Contact: Geoff Ryan (718/595-6600)

City Welcomes EPA Proposal To Provide Relief From Designing Filtration Plant For Catskill/Delaware Drinking Water

Commissioner Joel A. Miele Sr., P.E., of the New York City Department of Environmental Protection (DEP) welcomed today the U.S. Environmental Protection Agency's (EPA) proposal to relieve New York City of its obligation to complete the final design of a drinking water filtration system for the Catskill/Delaware watershed in upstate New York. Under the EPA proposal, DEP would be required to adhere to a strict schedule for upgrading wastewater treatment plants in the watershed, take other watershed protection measures, and design and build a facility that would disinfect water from the Catskill/Delaware supply systems with ultraviolet (UV) light.

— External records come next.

(* Let $G$ be a finite simple graph such that the cut polytope $\mathrm{Cut}(G)$ is compressed, and let $\Sigma$ be a special simplex in $\mathrm{Cut}(G)$. If $G$ satisfies one of the conditions (a) there exists an edge of $G$ that is contained in no triangle of $G$, or (b) $G$ has an induced cycle of length $4$, then $\dim\Sigma=1$.
   Context: $G$ is a finite graph without loops or multiple edges on vertex set $[n]$ with edge set $\{e_1,\dots,e_m\}$. For $S\subset[n]$, $\delta_G(S)\in\{0,1\}^m$ has coordinate $1$ at edge $\{a,b\}$ iff $|S\cap\{a,b\}|=1$; the cut polytope $\mathrm{Cut}(G)\subset\mathbb{R}^m$ is the convex hull of all $\delta_G(S)$. An integral polytope is compressed if all of its reverse lexicographic (pulling) triangulations, using its lattice points, are unimodular. A $d$-simplex $\Sigma$ each of whose vertices is a vertex of a polytope $P$ is a special simplex in $P$ if each facet of $P$ contains exactly $d$ of the vertices of $\Sigma$. An induced cycle is a cycle without chords; a triangle is a cycle of length $3$. *)

theory Defs
  imports "HOL-Analysis.Analysis"
begin

text \<open>Coordinates of R^m are
indexed by the edges, i.e. R^m is real ^ 'e.\<close>

definition simple_graph :: "('e::finite \<Rightarrow> 'v::finite set) \<Rightarrow> bool" where
  "simple_graph ends \<longleftrightarrow> inj ends \<and> (\<forall>e. card (ends e) = 2)"

definition adj :: "('e \<Rightarrow> 'v set) \<Rightarrow> 'v \<Rightarrow> 'v \<Rightarrow> bool" where
  "adj ends u w \<longleftrightarrow> {u, w} \<in> range ends"

definition cut_vector :: "('e::finite \<Rightarrow> 'v set) \<Rightarrow> 'v set \<Rightarrow> real ^ 'e" where
  "cut_vector ends S = (\<chi> e. if card (S \<inter> ends e) = 1 then 1 else 0)"

definition cut_polytope :: "('e::finite \<Rightarrow> 'v set) \<Rightarrow> (real ^ 'e) set" where
  "cut_polytope ends = convex hull (range (cut_vector ends))"

definition lattice_points :: "(real ^ 'n::finite) set \<Rightarrow> (real ^ 'n) set" where
  "lattice_points P = {x \<in> P. \<forall>i. x $ i \<in> \<int>}"

text \<open>Maximal simplices (given by vertex sets) of the pulling (reverse lexicographic)
triangulation of a polytope Q with respect to the order given by the rank function r:
pull the earliest vertex v and cone it over the pulling triangulations of the facets
of Q not containing v.\<close>
inductive pulling_simplex :: "('a::euclidean_space \<Rightarrow> nat) \<Rightarrow> 'a set \<Rightarrow> 'a set \<Rightarrow> bool"
  for r where
  point: "pulling_simplex r {v} {v}"
| cone: "\<lbrakk> v extreme_point_of Q; \<forall>w. w extreme_point_of Q \<longrightarrow> r v \<le> r w;
           F facet_of Q; v \<notin> F; pulling_simplex r F S \<rbrakk>
         \<Longrightarrow> pulling_simplex r Q (insert v S)"

text \<open>A simplex with vertex set S is unimodular w.r.t. the lattice points A of the
polytope: its vertices are in A, affinely independent, and they generate the same
affine lattice as A (normalized volume 1 w.r.t. the lattice generated by A).\<close>
definition unimodular_wrt :: "'a::euclidean_space set \<Rightarrow> 'a set \<Rightarrow> bool" where
  "unimodular_wrt A S \<longleftrightarrow> S \<subseteq> A \<and> \<not> affine_dependent S \<and>
     (\<forall>a\<in>A. \<exists>c :: 'a \<Rightarrow> int. (\<Sum>s\<in>S. c s) = 1 \<and> a = (\<Sum>s\<in>S. of_int (c s) *\<^sub>R s))"

definition compressed :: "(real ^ 'n::finite) set \<Rightarrow> bool" where
  "compressed P \<longleftrightarrow>
     (\<forall>r :: real ^ 'n \<Rightarrow> nat. inj_on r (lattice_points P) \<longrightarrow>
        (\<forall>S. pulling_simplex r P S \<longrightarrow> unimodular_wrt (lattice_points P) S))"

definition special_simplex :: "'a::euclidean_space set \<Rightarrow> int \<Rightarrow> 'a set \<Rightarrow> bool" where
  "special_simplex P d \<Sigma> \<longleftrightarrow> d simplex \<Sigma> \<and>
     {v. v extreme_point_of \<Sigma>} \<subseteq> {v. v extreme_point_of P} \<and>
     (\<forall>F. F facet_of P \<longrightarrow> int (card ({v. v extreme_point_of \<Sigma>} \<inter> F)) = d)"

definition edge_in_no_triangle :: "('e \<Rightarrow> 'v set) \<Rightarrow> bool" where
  "edge_in_no_triangle ends \<longleftrightarrow>
     (\<exists>a b. adj ends a b \<and> \<not> (\<exists>c. adj ends a c \<and> adj ends b c))"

"We are grateful that the EPA has come forth with this proposal," said Commissioner Miele. "The plan will provide additional measures of protection for our drinking water, while saving money for the rate payers who use that water. EPA's action is a vote of confidence in DEP's ongoing watershed protection efforts in the Catskill/Delaware watershed and in the 1997 Watershed Memorandum of Agreement, which was signed by the EPA, New York State, the City, watershed towns, villages and counties, and environmental groups."

The cost of completing a design for a full-fledged drinking water filtration plant would be approximately $160 million, and construction has been estimated at anywhere from $4 billion to $8 billion. Whereas, the design and construction of an UV plant is only about $150 million.

"It is likely," said Commissioner Miele, "that the design for a filtration plant would sit on a shelf somewhere and be obsolete if and when EPA ever determined that the City would have to build such a facility. The UV plant and other protections provide more immediate assurances of continued superior water quality for our consumers."

The EPA noted in its announcement of the proposal that, "New York City is required to build a filtration plant for the Croton portion of its drinking water system."